Exercise details: Pick out each line of the records in which the word "lambda" appears.

Saved data entries
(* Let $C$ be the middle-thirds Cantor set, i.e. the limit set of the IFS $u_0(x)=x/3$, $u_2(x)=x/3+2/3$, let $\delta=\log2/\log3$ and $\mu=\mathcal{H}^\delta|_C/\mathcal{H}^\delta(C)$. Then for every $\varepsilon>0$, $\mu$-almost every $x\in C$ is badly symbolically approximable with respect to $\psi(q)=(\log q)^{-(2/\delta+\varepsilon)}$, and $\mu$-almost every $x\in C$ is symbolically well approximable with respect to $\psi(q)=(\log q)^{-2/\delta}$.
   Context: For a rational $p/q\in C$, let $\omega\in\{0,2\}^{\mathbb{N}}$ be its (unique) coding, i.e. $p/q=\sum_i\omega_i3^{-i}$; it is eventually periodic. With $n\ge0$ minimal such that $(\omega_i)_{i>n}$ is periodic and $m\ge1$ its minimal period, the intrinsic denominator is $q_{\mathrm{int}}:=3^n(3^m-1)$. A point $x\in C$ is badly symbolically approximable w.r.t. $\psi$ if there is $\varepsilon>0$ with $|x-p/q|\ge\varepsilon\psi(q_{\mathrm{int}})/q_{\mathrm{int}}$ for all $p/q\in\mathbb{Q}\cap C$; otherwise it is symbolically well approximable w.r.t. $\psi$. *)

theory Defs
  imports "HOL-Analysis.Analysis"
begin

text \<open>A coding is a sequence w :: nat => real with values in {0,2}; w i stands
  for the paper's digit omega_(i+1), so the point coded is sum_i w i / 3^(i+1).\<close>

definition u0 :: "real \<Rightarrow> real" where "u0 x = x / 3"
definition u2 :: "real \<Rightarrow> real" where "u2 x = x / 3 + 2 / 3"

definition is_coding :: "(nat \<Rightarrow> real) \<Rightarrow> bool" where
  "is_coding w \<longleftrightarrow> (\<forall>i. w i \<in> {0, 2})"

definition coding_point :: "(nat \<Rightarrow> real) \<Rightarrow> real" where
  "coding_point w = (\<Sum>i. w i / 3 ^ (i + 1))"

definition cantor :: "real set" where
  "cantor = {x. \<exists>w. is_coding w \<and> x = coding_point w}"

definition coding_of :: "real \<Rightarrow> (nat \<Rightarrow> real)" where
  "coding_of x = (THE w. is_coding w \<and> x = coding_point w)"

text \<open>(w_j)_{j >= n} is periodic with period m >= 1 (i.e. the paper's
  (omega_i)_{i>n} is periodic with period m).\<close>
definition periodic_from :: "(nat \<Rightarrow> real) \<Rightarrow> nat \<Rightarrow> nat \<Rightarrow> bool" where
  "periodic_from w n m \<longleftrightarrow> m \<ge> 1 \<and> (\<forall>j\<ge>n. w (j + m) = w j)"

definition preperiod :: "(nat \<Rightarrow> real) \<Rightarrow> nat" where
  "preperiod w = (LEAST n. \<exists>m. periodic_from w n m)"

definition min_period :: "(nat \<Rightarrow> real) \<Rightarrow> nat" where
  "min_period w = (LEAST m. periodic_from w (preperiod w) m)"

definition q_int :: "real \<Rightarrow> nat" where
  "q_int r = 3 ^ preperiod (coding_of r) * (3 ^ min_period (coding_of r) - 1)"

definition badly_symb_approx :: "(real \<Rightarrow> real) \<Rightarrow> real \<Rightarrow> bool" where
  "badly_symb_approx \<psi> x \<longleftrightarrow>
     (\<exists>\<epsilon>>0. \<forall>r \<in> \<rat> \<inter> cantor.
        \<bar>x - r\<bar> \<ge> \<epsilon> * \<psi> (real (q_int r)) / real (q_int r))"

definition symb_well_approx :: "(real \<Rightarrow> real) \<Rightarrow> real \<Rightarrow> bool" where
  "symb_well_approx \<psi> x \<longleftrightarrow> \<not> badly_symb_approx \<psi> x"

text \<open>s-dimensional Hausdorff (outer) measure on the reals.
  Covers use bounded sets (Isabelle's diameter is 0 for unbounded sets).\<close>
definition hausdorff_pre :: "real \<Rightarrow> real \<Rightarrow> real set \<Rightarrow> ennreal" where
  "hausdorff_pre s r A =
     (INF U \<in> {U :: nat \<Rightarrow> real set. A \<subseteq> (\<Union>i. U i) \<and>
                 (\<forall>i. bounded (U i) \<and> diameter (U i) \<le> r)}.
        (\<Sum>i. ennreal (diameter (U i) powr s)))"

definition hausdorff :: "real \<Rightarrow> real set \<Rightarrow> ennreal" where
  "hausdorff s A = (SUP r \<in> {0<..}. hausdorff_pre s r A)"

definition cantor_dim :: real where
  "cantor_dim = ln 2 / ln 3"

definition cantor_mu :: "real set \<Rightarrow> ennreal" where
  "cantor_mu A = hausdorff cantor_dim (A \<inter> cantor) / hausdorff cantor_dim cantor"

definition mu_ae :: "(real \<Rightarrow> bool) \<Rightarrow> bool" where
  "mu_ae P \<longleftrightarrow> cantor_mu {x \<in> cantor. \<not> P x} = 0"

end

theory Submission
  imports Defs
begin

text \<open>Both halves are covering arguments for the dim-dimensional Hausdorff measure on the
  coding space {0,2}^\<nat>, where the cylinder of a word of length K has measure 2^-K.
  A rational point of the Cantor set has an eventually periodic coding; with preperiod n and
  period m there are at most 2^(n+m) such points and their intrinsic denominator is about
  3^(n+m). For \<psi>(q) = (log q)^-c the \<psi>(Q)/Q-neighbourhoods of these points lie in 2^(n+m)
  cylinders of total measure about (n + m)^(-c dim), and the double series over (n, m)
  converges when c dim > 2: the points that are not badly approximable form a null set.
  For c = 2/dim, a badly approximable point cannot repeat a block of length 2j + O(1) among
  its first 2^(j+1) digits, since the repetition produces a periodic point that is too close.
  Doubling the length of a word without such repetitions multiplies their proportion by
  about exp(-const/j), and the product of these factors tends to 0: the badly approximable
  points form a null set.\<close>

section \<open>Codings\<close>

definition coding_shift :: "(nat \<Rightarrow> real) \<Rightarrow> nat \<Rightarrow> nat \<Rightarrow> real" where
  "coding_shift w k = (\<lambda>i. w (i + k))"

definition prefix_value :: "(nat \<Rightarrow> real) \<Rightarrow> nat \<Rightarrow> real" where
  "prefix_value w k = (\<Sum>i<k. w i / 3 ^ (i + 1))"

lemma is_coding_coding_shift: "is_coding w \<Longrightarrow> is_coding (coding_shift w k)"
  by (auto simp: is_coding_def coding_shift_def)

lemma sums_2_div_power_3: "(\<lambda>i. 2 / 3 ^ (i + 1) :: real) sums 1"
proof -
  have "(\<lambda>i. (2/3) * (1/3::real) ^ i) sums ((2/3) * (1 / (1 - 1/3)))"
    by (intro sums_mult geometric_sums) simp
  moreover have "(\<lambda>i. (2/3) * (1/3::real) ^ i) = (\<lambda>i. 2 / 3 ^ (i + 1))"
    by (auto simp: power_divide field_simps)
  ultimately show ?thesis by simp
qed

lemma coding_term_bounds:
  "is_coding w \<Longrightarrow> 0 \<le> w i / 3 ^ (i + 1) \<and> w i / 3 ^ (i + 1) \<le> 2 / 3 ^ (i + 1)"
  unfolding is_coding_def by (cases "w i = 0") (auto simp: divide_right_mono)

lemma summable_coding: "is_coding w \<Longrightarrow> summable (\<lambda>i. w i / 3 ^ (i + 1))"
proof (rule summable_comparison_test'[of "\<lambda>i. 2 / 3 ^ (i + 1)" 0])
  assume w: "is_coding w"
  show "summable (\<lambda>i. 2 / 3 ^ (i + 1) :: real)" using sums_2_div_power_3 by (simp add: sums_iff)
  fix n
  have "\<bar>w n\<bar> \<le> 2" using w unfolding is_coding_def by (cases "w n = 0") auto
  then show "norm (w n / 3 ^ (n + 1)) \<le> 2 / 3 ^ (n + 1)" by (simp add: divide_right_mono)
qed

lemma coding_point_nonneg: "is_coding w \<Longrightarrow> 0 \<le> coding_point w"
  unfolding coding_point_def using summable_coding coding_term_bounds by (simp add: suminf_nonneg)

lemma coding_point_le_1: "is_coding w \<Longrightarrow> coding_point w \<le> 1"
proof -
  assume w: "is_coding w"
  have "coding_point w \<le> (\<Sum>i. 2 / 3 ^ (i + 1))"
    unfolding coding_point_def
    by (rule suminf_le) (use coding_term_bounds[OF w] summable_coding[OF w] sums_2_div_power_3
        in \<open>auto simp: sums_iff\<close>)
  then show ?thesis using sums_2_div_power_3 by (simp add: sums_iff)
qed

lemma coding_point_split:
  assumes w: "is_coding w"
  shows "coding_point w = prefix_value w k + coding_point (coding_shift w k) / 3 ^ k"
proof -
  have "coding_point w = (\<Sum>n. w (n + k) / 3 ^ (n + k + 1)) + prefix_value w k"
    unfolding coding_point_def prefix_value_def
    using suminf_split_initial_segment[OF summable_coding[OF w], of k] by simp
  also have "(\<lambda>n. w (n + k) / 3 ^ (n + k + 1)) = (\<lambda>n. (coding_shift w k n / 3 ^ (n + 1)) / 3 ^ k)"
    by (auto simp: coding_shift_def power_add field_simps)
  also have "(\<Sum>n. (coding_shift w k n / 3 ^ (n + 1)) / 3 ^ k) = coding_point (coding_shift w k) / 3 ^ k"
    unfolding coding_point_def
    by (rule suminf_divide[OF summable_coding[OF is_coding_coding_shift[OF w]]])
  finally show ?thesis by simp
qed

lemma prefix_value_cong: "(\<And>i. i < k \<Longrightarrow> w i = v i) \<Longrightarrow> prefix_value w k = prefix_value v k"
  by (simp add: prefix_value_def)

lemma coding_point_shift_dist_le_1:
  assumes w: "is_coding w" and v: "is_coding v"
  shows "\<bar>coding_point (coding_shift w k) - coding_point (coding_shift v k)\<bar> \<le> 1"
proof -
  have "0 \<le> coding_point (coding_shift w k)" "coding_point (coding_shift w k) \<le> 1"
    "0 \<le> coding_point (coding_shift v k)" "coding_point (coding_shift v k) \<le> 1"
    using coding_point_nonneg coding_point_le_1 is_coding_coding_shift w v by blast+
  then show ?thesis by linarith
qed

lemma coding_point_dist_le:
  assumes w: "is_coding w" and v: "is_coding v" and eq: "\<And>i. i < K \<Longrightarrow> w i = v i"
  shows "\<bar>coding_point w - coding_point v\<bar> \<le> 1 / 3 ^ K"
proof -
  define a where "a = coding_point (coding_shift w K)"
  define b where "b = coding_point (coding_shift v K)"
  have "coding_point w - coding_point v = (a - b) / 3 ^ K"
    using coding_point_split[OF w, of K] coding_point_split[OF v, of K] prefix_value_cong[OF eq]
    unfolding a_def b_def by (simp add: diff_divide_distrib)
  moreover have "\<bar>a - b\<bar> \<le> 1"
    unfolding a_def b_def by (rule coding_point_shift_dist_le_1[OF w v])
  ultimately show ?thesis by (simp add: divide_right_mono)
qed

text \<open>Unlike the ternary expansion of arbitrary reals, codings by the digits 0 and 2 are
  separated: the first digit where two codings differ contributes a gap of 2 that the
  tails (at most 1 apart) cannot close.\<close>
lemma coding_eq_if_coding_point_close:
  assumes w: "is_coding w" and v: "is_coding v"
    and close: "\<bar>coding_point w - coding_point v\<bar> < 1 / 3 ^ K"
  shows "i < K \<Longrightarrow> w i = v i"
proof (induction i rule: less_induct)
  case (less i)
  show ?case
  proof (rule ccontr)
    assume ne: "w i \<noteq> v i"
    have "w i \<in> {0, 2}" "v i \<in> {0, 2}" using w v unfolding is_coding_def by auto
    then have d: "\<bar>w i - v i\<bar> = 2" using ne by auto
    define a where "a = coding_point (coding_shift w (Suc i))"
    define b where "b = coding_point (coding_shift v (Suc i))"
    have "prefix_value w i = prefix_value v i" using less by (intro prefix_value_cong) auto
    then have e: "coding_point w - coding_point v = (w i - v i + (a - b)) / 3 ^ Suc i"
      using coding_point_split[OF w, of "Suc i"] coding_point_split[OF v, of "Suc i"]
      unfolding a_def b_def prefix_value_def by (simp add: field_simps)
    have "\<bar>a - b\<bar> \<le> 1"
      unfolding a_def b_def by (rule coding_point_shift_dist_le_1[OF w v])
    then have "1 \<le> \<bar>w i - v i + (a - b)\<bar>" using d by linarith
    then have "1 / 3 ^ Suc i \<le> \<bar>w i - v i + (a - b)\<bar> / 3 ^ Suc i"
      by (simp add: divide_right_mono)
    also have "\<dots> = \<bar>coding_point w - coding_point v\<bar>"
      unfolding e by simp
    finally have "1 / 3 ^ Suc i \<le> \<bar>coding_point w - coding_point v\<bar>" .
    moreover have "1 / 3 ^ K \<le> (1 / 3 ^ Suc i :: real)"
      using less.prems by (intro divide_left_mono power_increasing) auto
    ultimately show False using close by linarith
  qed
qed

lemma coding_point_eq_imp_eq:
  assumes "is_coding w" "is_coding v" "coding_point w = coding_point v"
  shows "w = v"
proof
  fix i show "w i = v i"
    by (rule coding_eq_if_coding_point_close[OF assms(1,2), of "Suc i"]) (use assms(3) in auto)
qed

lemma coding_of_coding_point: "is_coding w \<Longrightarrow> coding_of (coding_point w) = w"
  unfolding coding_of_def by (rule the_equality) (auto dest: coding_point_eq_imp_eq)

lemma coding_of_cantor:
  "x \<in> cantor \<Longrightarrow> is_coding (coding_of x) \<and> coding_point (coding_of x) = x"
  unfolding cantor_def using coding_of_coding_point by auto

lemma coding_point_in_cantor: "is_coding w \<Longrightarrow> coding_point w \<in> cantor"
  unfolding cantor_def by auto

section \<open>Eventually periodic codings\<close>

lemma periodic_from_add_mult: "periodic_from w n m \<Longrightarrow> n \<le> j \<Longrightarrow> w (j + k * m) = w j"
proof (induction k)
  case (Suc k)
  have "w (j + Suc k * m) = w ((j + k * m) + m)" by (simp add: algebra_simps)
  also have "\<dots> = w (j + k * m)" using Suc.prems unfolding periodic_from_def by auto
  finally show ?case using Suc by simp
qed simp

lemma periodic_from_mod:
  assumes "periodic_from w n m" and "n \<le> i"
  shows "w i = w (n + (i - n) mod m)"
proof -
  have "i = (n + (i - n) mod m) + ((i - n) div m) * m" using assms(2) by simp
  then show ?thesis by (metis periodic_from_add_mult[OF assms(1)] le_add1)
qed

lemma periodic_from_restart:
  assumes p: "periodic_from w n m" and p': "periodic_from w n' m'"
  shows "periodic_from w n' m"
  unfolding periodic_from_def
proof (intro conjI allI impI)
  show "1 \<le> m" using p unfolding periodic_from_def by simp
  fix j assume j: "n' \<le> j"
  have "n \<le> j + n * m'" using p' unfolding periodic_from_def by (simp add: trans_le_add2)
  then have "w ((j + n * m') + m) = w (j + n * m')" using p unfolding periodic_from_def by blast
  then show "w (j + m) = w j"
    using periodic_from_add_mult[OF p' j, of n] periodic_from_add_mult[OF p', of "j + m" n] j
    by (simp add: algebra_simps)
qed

Answer space:
  "coding_shift w k = (\<lambda>i. w (i + k))"
lemma sums_2_div_power_3: "(\<lambda>i. 2 / 3 ^ (i + 1) :: real) sums 1"
  have "(\<lambda>i. (2/3) * (1/3::real) ^ i) sums ((2/3) * (1 / (1 - 1/3)))"
  moreover have "(\<lambda>i. (2/3) * (1/3::real) ^ i) = (\<lambda>i. 2 / 3 ^ (i + 1))"
lemma summable_coding: "is_coding w \<Longrightarrow> summable (\<lambda>i. w i / 3 ^ (i + 1))"
proof (rule summable_comparison_test'[of "\<lambda>i. 2 / 3 ^ (i + 1)" 0])
  show "summable (\<lambda>i. 2 / 3 ^ (i + 1) :: real)" using sums_2_div_power_3 by (simp add: sums_iff)
  also have "(\<lambda>n. w (n + k) / 3 ^ (n + k + 1)) = (\<lambda>n. (coding_shift w k n / 3 ^ (n + 1)) / 3 ^ k)"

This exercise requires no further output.